Anyways, so I put all this scripting stuff behind me. Back to good ol' Java. But then I ran across Spidering Hacks this weekend and my previous foray into Perl let me actually grok the examples. Wow! Look at all the kick-ass functionality you can use! And all those killer modules! And wow, looking up some of the code examples on line, the CPAN documentation is really well done. Suddenly it dawned on me... maybe what I was looking for all this time was Perl.

PERL!?!?! Nonono. It can't be. I mean, Python is so clean! So beautiful! Only One Way To Do It! It appeals to my sense of all things Good and Right. And Python seems to be the right way to go since Nokia is moving to incorporate it into their Series 60 phones... But Perl just seems so much more functional - and it seems - well documented. And the Perl scripts I've seen are so practical. And the support! Perl is everywhere... There are dozens of books, groups, sites and it's had this following of really damn cool hackers for ever. And honestly, I can't live without SpamAssassin - a Perl app. There's no Python app that falls into that category.

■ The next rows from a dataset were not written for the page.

(* Let $n\ge2$ be an integer, $l_k=\pi k/n$, $S_n=\sum_{k=1}^{n-1}\csc l_k$, $c_k=\cos\frac{\pi(2k-1)}{2n}$, $\sigma_k(\phi)=(1-c_k^2\cos^2\phi)^{1/2}$, $V(\phi)=\frac{S_n}{4\cos\phi}+\frac14\sum_{k=1}^n\frac{1}{\sigma_k(\phi)}$ and $W(\phi)=\cos\phi\,V(\phi)=\frac{S_n}{4}+\frac{\cos\phi}{4}\sum_{k=1}^n\frac1{\sigma_k(\phi)}$. Then (i) $W'(\phi)/W(\phi)\le0$ for all $\phi\in[0,\pi/2)$; (ii) if $n\ge10$, then $W(\pi/2)=S_n/4$ and $\left|W'(\phi)/W(\phi)\right|\le\frac45$ for all $\phi\in[\pi/4,\pi/2)$.
   Context: $V$ is the shape potential of the spatial double-polygon problem in Devaney-type coordinates; $W(\pi/2)$ denotes the value of the expression for $W$ at $\phi=\pi/2$. *)

theory Defs
  imports "HOL-Analysis.Analysis"
begin

definition S_n :: "nat \<Rightarrow> real" where
  "S_n n = (\<Sum>k=1..n-1. 1 / sin (pi * real k / real n))"

definition c_k :: "nat \<Rightarrow> nat \<Rightarrow> real" where
  "c_k n k = cos (pi * (2 * real k - 1) / (2 * real n))"

definition sigma_k :: "nat \<Rightarrow> nat \<Rightarrow> real \<Rightarrow> real" where
  "sigma_k n k \<phi> = sqrt (1 - (c_k n k)\<^sup>2 * (cos \<phi>)\<^sup>2)"

definition V_pot :: "nat \<Rightarrow> real \<Rightarrow> real" where
  "V_pot n \<phi> = S_n n / (4 * cos \<phi>) + (1/4) * (\<Sum>k=1..n. 1 / sigma_k n k \<phi>)"

definition W_fun :: "nat \<Rightarrow> real \<Rightarrow> real" where
  "W_fun n \<phi> = S_n n / 4 + (cos \<phi> / 4) * (\<Sum>k=1..n. 1 / sigma_k n k \<phi>)"

end

theory Submission
  imports Defs
begin

text \<open>Termwise, \<open>cos \<phi> / \<sigma>\<^sub>k(\<phi>)\<close> has derivative \<open>-sin \<phi> / \<sigma>\<^sub>k(\<phi>)\<^sup>3\<close>, so
  \<open>W' = -(sin \<phi> / 4) \<Sum> \<sigma>\<^sub>k\<^sup>-\<^sup>3 \<le> 0\<close> while \<open>W > 0\<close>. For the bound near \<open>\<pi>/2\<close> one uses
  \<open>\<sigma>\<^sup>-\<^sup>3 \<le> 1 + 4 c\<^sub>k\<^sup>2 cos\<^sup>2 \<phi>\<close> together with \<open>\<Sum> c\<^sub>k\<^sup>2 = n/2\<close>, giving
  \<open>|W'| \<le> (n/4) sin \<phi> (1 + 2 cos\<^sup>2 \<phi>)\<close>; on the other side
  \<open>W \<ge> S\<^sub>n/4 + (n/4) cos \<phi>\<close>, and \<open>S\<^sub>n \<ge> 5n/4\<close> for \<open>n \<ge> 10\<close> by comparing the four
  smallest and four largest angles with \<open>sin x \<le> x\<close>. What remains is the one-variable
  inequality \<open>sin \<phi> (1 + 2 cos\<^sup>2 \<phi>) \<le> 1 + (4/5) cos \<phi>\<close> on \<open>[\<pi>/4, \<pi>/2]\<close>.\<close>

lemma sin_pi_mult_div_pos:
  assumes "0 < x" "x < real n"
  shows "sin (pi * x / real n) > 0"
proof (rule sin_gt_zero)
  show "0 < pi * x / real n" using assms by simp
  have "x / real n < 1" using assms by simp
  then show "pi * x / real n < pi"
    using mult_strict_left_mono[OF _ pi_gt_zero] by fastforce
qed

lemma sin_pi_mult_div_pos_nat: "k \<in> {1..n-1} \<Longrightarrow> sin (pi * real k / real n) > 0"
  by (rule sin_pi_mult_div_pos) auto

lemma c_k_sq_less_one:
  assumes "1 \<le> k" "k \<le> n"
  shows "(c_k n k)\<^sup>2 < 1"
proof -
  have "sin (pi * ((2 * real k - 1) / 2) / real n) > 0"
    using assms by (intro sin_pi_mult_div_pos) auto
  then have "(sin (pi * (2 * real k - 1) / (2 * real n)))\<^sup>2 > 0" by simp
  then show ?thesis unfolding c_k_def by (simp add: cos_squared_eq)
qed

lemma sigma_k_sq:
  assumes "1 \<le> k" "k \<le> n"
  shows "(sigma_k n k x)\<^sup>2 = 1 - (c_k n k)\<^sup>2 * (cos x)\<^sup>2"
    and "1 - (c_k n k)\<^sup>2 * (cos x)\<^sup>2 > 0"
proof -
  have "(c_k n k)\<^sup>2 * (cos x)\<^sup>2 \<le> (c_k n k)\<^sup>2"
    by (simp add: mult_left_le abs_square_le_1)
  then show "1 - (c_k n k)\<^sup>2 * (cos x)\<^sup>2 > 0"
    using c_k_sq_less_one[OF assms] by linarith
  then show "(sigma_k n k x)\<^sup>2 = 1 - (c_k n k)\<^sup>2 * (cos x)\<^sup>2"
    unfolding sigma_k_def by simp
qed

lemma sigma_k_pos: "1 \<le> k \<Longrightarrow> k \<le> n \<Longrightarrow> sigma_k n k x > 0"
  using sigma_k_sq(2) unfolding sigma_k_def by simp

lemma sigma_k_le_one: "sigma_k n k x \<le> 1"
  unfolding sigma_k_def by simp

lemma has_real_derivative_cos_div_sqrt:
  fixes c :: real
  assumes "c\<^sup>2 < 1"
  shows "((\<lambda>x. cos x / sqrt (1 - c\<^sup>2 * (cos x)\<^sup>2)) has_real_derivative
          - sin x / (sqrt (1 - c\<^sup>2 * (cos x)\<^sup>2)) ^ 3) (at x)"
proof -
  define a where "a = 1 - c\<^sup>2 * (cos x)\<^sup>2"
  have "c\<^sup>2 * (cos x)\<^sup>2 \<le> c\<^sup>2" by (simp add: mult_left_le abs_square_le_1)
  then have a: "a > 0" using assms unfolding a_def by linarith
  have "((\<lambda>x. 1 - c\<^sup>2 * (cos x)\<^sup>2) has_real_derivative c\<^sup>2 * (2 * cos x * sin x)) (at x)"
    by (rule derivative_eq_intros refl)+ (simp add: power2_eq_square)
  from DERIV_chain2[OF DERIV_real_sqrt[OF a[unfolded a_def]] this]
  have "((\<lambda>x. sqrt (1 - c\<^sup>2 * (cos x)\<^sup>2)) has_real_derivative
          c\<^sup>2 * cos x * sin x / sqrt a) (at x)"
    unfolding a_def by (rule DERIV_cong) (simp add: field_simps)
  from DERIV_divide[OF DERIV_cos this] a
  have "((\<lambda>x. cos x / sqrt (1 - c\<^sup>2 * (cos x)\<^sup>2)) has_real_derivative
      (- sin x * sqrt a - cos x * (c\<^sup>2 * cos x * sin x / sqrt a)) / (sqrt a * sqrt a)) (at x)"
    unfolding a_def by simp
  moreover have "(- sin x * sqrt a - cos x * (c\<^sup>2 * cos x * sin x / sqrt a)) / (sqrt a * sqrt a)
      = - sin x * (a + c\<^sup>2 * (cos x)\<^sup>2) / (sqrt a) ^ 3"
    using a by (simp add: field_simps power2_eq_square power3_eq_cube)
  ultimately show ?thesis unfolding a_def by simp
qed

But even still I took a step back. Perl is so fucking twisted. Have you see the list of Special Variables? $_, $., $/, $, $", $\, etc. (it goes on for like 3 pages in the Perl Pocket Reference I bought). That sort of thing is still a real drawback to me. I honestly believe you have to pick and choose your programming tools. Most languages can do just about anything these days - but you need to get proficient in them to be productive. Java's a great language to focus on because it does so much. Verbosely, yes, but with the right jars you can do just about anything pretty quickly. But I'm getting a bit tired of a lot of the crap you have to deal with - like I wrote the other day. Being able to just run a .java file without the compiling step and without classpath issues? I'd be psyched, but that's not happening. That's why I'm looking at Python and now Perl very seriously. I'd like to start doing more rapid development with these types of scripting languages.

Tonight I went back to B&N (my favorite bookstore) and spent some time browsing the Perl section (mostly books from O'Reilly). Even in its third edition, "The Camel Book" is *still* obtuse and unpenetrable. I don't know who that book is written for, but it jumps all over the place, goes off on insane tangents and basically does its utmost to make sure you don't actually understand the language. No wonder I've been completely mystified for so long. Since I have a subscription to Safari, I didn't bother buying any of the other references except the Perl Pocket Reference, which should be good to have while reading Spidering Hacks.

You know what's confusing though? When I was at the bookstore, all the Perl books were right next to the PHP books (obviously). But beyond starting with the same letter, what is Perl's "real" relationship with PHP? Some of the syntax is very similar, but they're obviously not that same. Has Perl lost all battles for real-world web development? I can't remember reading about any big commercial sites out there that are produced with mod_perl any more - not for many years in fact. It's all been Microsoft or Java or more recently PHP. But say you're using PHP and you need to do something outside the bounds of what PHP does - is Perl the weapon of choice here? When doing server-side stuff with Java, you use Java for just about everything. Where does Perl fit nowadays? The same place it alwasy fit before? As the Unix-glue language?

Anyways, in summary, I really recommend Spidering Hacks (and that's not just because Tim invited me to Camp Foo this coming weekend). And if you have any thoughts about Perl and or Python, I'd love to hear them.